• _Your objective_:
Only lines that contain the word "degree" are to be returned from the data below.

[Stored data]

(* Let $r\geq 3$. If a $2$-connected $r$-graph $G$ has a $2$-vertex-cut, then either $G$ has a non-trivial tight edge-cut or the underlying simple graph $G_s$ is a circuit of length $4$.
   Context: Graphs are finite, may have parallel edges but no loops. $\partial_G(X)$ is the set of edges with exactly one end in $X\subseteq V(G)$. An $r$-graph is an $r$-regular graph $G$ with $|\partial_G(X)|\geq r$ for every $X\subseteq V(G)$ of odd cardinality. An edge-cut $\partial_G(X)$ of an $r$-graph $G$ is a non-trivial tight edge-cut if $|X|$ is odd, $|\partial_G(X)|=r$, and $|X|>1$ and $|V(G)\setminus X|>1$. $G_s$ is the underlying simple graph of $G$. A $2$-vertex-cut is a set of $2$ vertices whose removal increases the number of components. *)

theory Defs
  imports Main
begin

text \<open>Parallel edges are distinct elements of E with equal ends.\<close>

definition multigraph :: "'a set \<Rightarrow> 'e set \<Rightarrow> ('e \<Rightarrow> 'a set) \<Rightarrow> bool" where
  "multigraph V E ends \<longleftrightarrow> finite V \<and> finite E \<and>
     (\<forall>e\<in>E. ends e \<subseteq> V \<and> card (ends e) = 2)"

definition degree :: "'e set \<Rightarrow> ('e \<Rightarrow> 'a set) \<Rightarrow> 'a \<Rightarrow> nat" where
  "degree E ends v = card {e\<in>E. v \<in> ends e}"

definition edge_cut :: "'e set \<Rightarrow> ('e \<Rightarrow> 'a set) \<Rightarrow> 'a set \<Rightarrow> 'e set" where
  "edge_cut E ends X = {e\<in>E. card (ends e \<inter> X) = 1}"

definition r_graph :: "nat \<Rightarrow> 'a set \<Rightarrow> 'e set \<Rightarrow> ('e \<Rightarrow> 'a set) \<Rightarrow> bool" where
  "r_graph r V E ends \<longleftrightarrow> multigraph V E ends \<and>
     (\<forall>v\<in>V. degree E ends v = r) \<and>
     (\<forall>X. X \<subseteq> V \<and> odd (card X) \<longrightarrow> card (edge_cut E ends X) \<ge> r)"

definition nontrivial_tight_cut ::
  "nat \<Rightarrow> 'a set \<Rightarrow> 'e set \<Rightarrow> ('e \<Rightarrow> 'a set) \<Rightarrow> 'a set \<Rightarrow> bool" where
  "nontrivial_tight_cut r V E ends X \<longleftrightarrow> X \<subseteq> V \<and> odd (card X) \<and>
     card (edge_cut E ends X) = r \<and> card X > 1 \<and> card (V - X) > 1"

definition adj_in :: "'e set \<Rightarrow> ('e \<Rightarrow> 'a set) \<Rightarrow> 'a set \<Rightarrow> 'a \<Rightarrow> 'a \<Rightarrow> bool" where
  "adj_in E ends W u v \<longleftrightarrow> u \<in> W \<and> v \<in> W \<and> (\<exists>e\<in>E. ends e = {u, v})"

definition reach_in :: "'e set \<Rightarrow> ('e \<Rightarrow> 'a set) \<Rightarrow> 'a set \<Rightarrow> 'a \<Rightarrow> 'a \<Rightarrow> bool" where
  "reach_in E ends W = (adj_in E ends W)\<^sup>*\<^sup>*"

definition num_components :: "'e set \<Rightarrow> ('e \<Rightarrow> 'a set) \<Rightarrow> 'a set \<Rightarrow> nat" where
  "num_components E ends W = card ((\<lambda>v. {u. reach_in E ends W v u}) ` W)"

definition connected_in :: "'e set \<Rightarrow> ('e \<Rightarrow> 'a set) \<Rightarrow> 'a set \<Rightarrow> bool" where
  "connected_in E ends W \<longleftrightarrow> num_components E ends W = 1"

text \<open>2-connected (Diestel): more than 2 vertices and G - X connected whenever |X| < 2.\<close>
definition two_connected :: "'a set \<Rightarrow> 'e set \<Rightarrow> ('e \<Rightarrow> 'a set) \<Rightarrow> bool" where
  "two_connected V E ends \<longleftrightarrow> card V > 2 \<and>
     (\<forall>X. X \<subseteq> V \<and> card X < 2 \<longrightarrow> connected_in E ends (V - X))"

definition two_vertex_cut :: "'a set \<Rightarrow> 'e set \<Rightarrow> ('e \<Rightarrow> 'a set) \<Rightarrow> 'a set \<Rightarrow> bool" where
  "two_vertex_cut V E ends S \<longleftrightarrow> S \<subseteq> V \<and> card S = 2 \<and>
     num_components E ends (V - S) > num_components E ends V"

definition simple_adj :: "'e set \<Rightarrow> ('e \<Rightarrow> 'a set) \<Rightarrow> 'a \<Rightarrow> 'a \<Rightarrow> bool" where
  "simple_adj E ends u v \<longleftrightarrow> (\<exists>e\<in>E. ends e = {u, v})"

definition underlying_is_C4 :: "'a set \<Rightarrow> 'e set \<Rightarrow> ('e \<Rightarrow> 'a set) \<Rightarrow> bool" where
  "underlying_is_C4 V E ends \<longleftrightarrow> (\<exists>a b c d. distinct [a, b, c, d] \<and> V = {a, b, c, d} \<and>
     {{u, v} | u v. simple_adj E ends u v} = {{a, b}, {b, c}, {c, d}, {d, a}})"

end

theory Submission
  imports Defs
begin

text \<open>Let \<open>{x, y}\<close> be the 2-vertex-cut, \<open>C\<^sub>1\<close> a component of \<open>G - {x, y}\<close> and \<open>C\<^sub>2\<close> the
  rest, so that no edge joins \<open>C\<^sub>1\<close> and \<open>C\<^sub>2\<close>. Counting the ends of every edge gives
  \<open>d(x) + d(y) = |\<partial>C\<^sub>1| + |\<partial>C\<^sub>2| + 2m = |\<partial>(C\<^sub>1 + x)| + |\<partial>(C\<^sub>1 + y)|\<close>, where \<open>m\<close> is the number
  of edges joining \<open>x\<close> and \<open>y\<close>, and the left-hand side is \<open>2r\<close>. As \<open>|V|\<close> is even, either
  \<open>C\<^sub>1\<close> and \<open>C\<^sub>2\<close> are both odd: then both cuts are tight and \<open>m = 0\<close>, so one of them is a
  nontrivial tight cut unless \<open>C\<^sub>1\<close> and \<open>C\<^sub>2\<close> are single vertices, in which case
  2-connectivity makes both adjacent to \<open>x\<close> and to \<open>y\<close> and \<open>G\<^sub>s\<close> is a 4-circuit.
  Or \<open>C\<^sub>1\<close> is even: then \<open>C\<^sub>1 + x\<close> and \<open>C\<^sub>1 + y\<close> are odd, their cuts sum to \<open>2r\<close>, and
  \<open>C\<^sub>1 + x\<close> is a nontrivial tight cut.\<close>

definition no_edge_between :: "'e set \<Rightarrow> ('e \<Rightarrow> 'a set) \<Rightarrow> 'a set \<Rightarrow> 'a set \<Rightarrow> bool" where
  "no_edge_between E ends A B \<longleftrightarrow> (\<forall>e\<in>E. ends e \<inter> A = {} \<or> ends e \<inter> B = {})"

• _Solved exercise_:
definition degree :: "'e set \<Rightarrow> ('e \<Rightarrow> 'a set) \<Rightarrow> 'a \<Rightarrow> nat" where
  "degree E ends v = card {e\<in>E. v \<in> ends e}"
     (\<forall>v\<in>V. degree E ends v = r) \<and>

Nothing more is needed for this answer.